#### [To do]
In the entries that follow, find each line with the word "metis" and copy it.

◆ ◆ ◆ ◆

lemma delta_e_property_unique_intermediate_point:
  assumes \<delta>: "delta_e_property S \<delta>" and "x \<in> S" "y \<in> S" "dist x y < \<delta>" and t: "t \<in> {0..1}"
  shows "\<exists>!z. z \<in> S \<and> intermediate_point x y t z"
proof -
  obtain \<gamma> where \<gamma>: "minimal_geodesic S x y \<gamma>"
    and \<gamma>_unique: "\<And>\<gamma>'. minimal_geodesic S x y \<gamma>' \<Longrightarrow> \<forall>s\<in>{0..1}. \<gamma>' s = \<gamma> s"
    using \<delta> assms(2-4) unfolding delta_e_property_def by blast
  have "\<gamma> t \<in> S"
    using \<gamma> t unfolding minimal_geodesic_def by auto
  moreover have "z = \<gamma> t" if "z \<in> S" and z: "intermediate_point x y t z" for z
  proof -
    consider "t = 0" | "t = 1" | "0 < t" "t < 1"
      using t by fastforce
    then show ?thesis
    proof cases
      case 3
      have "dist x z \<le> dist x y" "dist z y \<le> dist x y"
        using z 3 by (auto simp: intermediate_point_def mult_left_le_one_le)
      then obtain \<alpha> \<beta> where \<alpha>: "minimal_geodesic S x z \<alpha>" and \<beta>: "minimal_geodesic S z y \<beta>"
        using \<delta> assms(2-4) \<open>z \<in> S\<close> unfolding delta_e_property_def
        by (metis le_less_trans)
      have "(if t \<le> t then \<alpha> (t / t) else \<beta> ((t - t) / (1 - t))) = \<gamma> t"
        using \<gamma>_unique[OF minimal_geodesic_join[OF \<alpha> \<beta> z 3]] t by blast
      then show ?thesis
        using \<alpha> 3 unfolding minimal_geodesic_def by simp
    qed (use \<gamma> z in \<open>auto simp: minimal_geodesic_def\<close>)
  qed
  ultimately show ?thesis
    using minimal_geodesic_intermediate_point[OF \<gamma> t] by blast
qed

text \<open>The point at fraction t on the minimal geodesic from x to y in S; unspecified unless
  that point is unique, e.g.\ when x, y are \<delta>_e-close.\<close>
definition geodesic_interpolation :: "'a::metric_space set \<Rightarrow> 'a \<Rightarrow> 'a \<Rightarrow> real \<Rightarrow> 'a" where
  "geodesic_interpolation S x y t = (THE z. z \<in> S \<and> intermediate_point x y t z)"

lemma
  assumes "delta_e_property S \<delta>" "x \<in> S" "y \<in> S" "dist x y < \<delta>" "t \<in> {0..1}"
  shows geodesic_interpolation_in: "geodesic_interpolation S x y t \<in> S"
    and intermediate_point_geodesic_interpolation:
      "intermediate_point x y t (geodesic_interpolation S x y t)"
  using theI'[OF delta_e_property_unique_intermediate_point[OF assms]]
  unfolding geodesic_interpolation_def by auto

lemma geodesic_interpolation_eqI:
  assumes "delta_e_property S \<delta>" "x \<in> S" "y \<in> S" "dist x y < \<delta>" "t \<in> {0..1}"
    and "z \<in> S" "intermediate_point x y t z"
  shows "geodesic_interpolation S x y t = z"
  using the1_equality[OF delta_e_property_unique_intermediate_point[OF assms(1-5)]] assms(6,7)
  unfolding geodesic_interpolation_def by blast

lemma continuous_map_geodesic_interpolation:
  assumes S: "compact S" and \<delta>: "delta_e_property S \<delta>"
    and u: "continuous_on S u" "u ` S \<subseteq> S" "\<forall>x\<in>S. dist x (u x) < \<delta>"
  shows "continuous_map (prod_topology (top_of_set {0..1}) (top_of_set S)) (top_of_set S)
           (\<lambda>(t, x). geodesic_interpolation S x (u x) t)"
    (is "continuous_map ?X _ ?H")
proof (rule continuous_map_closed_graph)
  show "compact_space (top_of_set S)"
    using S by (simp add: compact_space_subtopology)
  show "?H \<in> topspace ?X \<rightarrow> topspace (top_of_set S)"
    using geodesic_interpolation_in[OF \<delta>] u by (auto simp: Pi_iff)
  let ?d = "\<lambda>((t, x), z). (dist x z - t * dist x (u x), dist z (u x) - (1 - t) * dist x (u x))"
  have H_iff: "z = ?H (t, x) \<longleftrightarrow> z \<in> S \<and> ?d ((t, x), z) = (0, 0)"
    if "t \<in> {0..1}" "x \<in> S" for t x z
    using geodesic_interpolation_in[OF \<delta>] intermediate_point_geodesic_interpolation[OF \<delta>]
      geodesic_interpolation_eqI[OF \<delta>] u that
    unfolding intermediate_point_def by (auto simp: image_subset_iff)
  have graph: "(\<lambda>q. (q, ?H q)) ` topspace ?X = {q \<in> ({0..1} \<times> S) \<times> S. ?d q = (0, 0)}"
  proof (intro set_eqI iffI)
    fix q assume "q \<in> (\<lambda>q. (q, ?H q)) ` topspace ?X"
    then obtain t x where "t \<in> {0..1}" "x \<in> S" "q = ((t, x), ?H (t, x))"
      by auto
    then show "q \<in> {q \<in> ({0..1} \<times> S) \<times> S. ?d q = (0, 0)}"
      using H_iff[of t x "?H (t, x)"] by simp
  next
    fix q assume "q \<in> {q \<in> ({0..1} \<times> S) \<times> S. ?d q = (0, 0)}"
    moreover obtain t x z where "q = ((t, x), z)"
      by (metis prod.collapse)
    ultimately have "t \<in> {0..1}" "x \<in> S" "z \<in> S" "?d ((t, x), z) = (0, 0)" "q = ((t, x), z)"
      by auto
    then show "q \<in> (\<lambda>q. (q, ?H q)) ` topspace ?X"
      using H_iff[of t x z] by (simp add: image_iff)
  qed
  have "continuous_on (({0..1} \<times> S) \<times> S) (\<lambda>q. u (snd (fst q)))"
    by (rule continuous_on_compose2[OF u(1)]) (auto intro!: continuous_intros)
  then have "continuous_on (({0..1} \<times> S) \<times> S) ?d"
    unfolding case_prod_unfold by (intro continuous_intros)
  then show "closedin (prod_topology ?X (top_of_set S)) ((\<lambda>q. (q, ?H q)) ` topspace ?X)"
    unfolding graph by (simp add: subtopology_Times euclidean_product_topology
        continuous_closedin_preimage_constant)
qed

lemma homotopic_with_id_if_delta_e_close:
  assumes S: "compact S" and \<delta>: "delta_e_property S \<delta>"
    and u: "continuous_on S u" "u ` S \<subseteq> S" "\<forall>x\<in>S. dist x (u x) < \<delta>"
    and K: "K \<subseteq> S" "\<forall>x\<in>K. u x = x"
  shows "homotopic_with (\<lambda>h. \<forall>x\<in>K. h x = x) (top_of_set S) (top_of_set S) id u"
proof -
  have interpolation_eq: "geodesic_interpolation S x (u x) t = z"
    if "x \<in> S" "t \<in> {0..1}" "z \<in> S" "intermediate_point x (u x) t z" for x t z
    using geodesic_interpolation_eqI[OF \<delta>] u that by blast
  show ?thesis
  proof (rule homotopic_with[THEN iffD2], use K in force, intro exI conjI ballI)
    show "continuous_map (prod_topology (top_of_set {0..1}) (top_of_set S)) (top_of_set S)
            (\<lambda>(t, x). geodesic_interpolation S x (u x) t)"
      by (rule continuous_map_geodesic_interpolation[OF S \<delta> u])
    show "(\<lambda>(t, x). geodesic_interpolation S x (u x) t) (0, x) = id x"
      if "x \<in> topspace (top_of_set S)" for x
      using that by (simp add: interpolation_eq)
    show "(\<lambda>(t, x). geodesic_interpolation S x (u x) t) (1, x) = u x"
      if "x \<in> topspace (top_of_set S)" for x
      using that u(2) by (simp add: image_subset_iff interpolation_eq)
    show "(\<lambda>x. (\<lambda>(t, x). geodesic_interpolation S x (u x) t) (t, x)) x = x"
      if "t \<in> {0..1}" "x \<in> K" for t x
      using that K interpolation_eq[of x t x] by auto
  qed
qed

theorem mainTheorem6:
  fixes S :: "'a::metric_space set" and m :: nat and p :: "nat \<Rightarrow> 'a"
    and \<delta>e :: real and u :: "'a \<Rightarrow> 'a"
  assumes "compact S" and "is_surface S"
    and "delta_e_property S \<delta>e"
    and "inj_on p {..<m}" and "\<forall>i<m. p i \<in> surface_interior S"
    and "u \<in> U_eps S \<delta>e \<inter> stabiliser S m p"
  shows "trivial_in_PMCG S m p u"
proof -
  obtain u' where "homeomorphism S S u u'"
    and u_boundary: "\<forall>x\<in>surface_boundary S. u x = x"
    and u_close: "\<forall>x\<in>S. dist x (u x) < \<delta>e" and u_marked: "\<forall>i<m. u (p i) = p i"
    using assms(6) unfolding U_eps_def V_eps_def stabiliser_def Homeo_rel_boundary_def by blast
  then have "continuous_on S u" "u ` S \<subseteq> S"
    unfolding homeomorphism_def by auto
  moreover have "surface_boundary S \<union> p ` {..<m} \<subseteq> S"
    using assms(5) unfolding surface_boundary_def surface_interior_def by auto
  ultimately show ?thesis
    unfolding trivial_in_PMCG_def
    using homotopic_with_id_if_delta_e_close[OF assms(1,3)] u_close u_boundary u_marked by blast
qed

end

◆ ◆ ◆ ◆

#### [Solution]
        by (metis le_less_trans)
      by (metis prod.collapse)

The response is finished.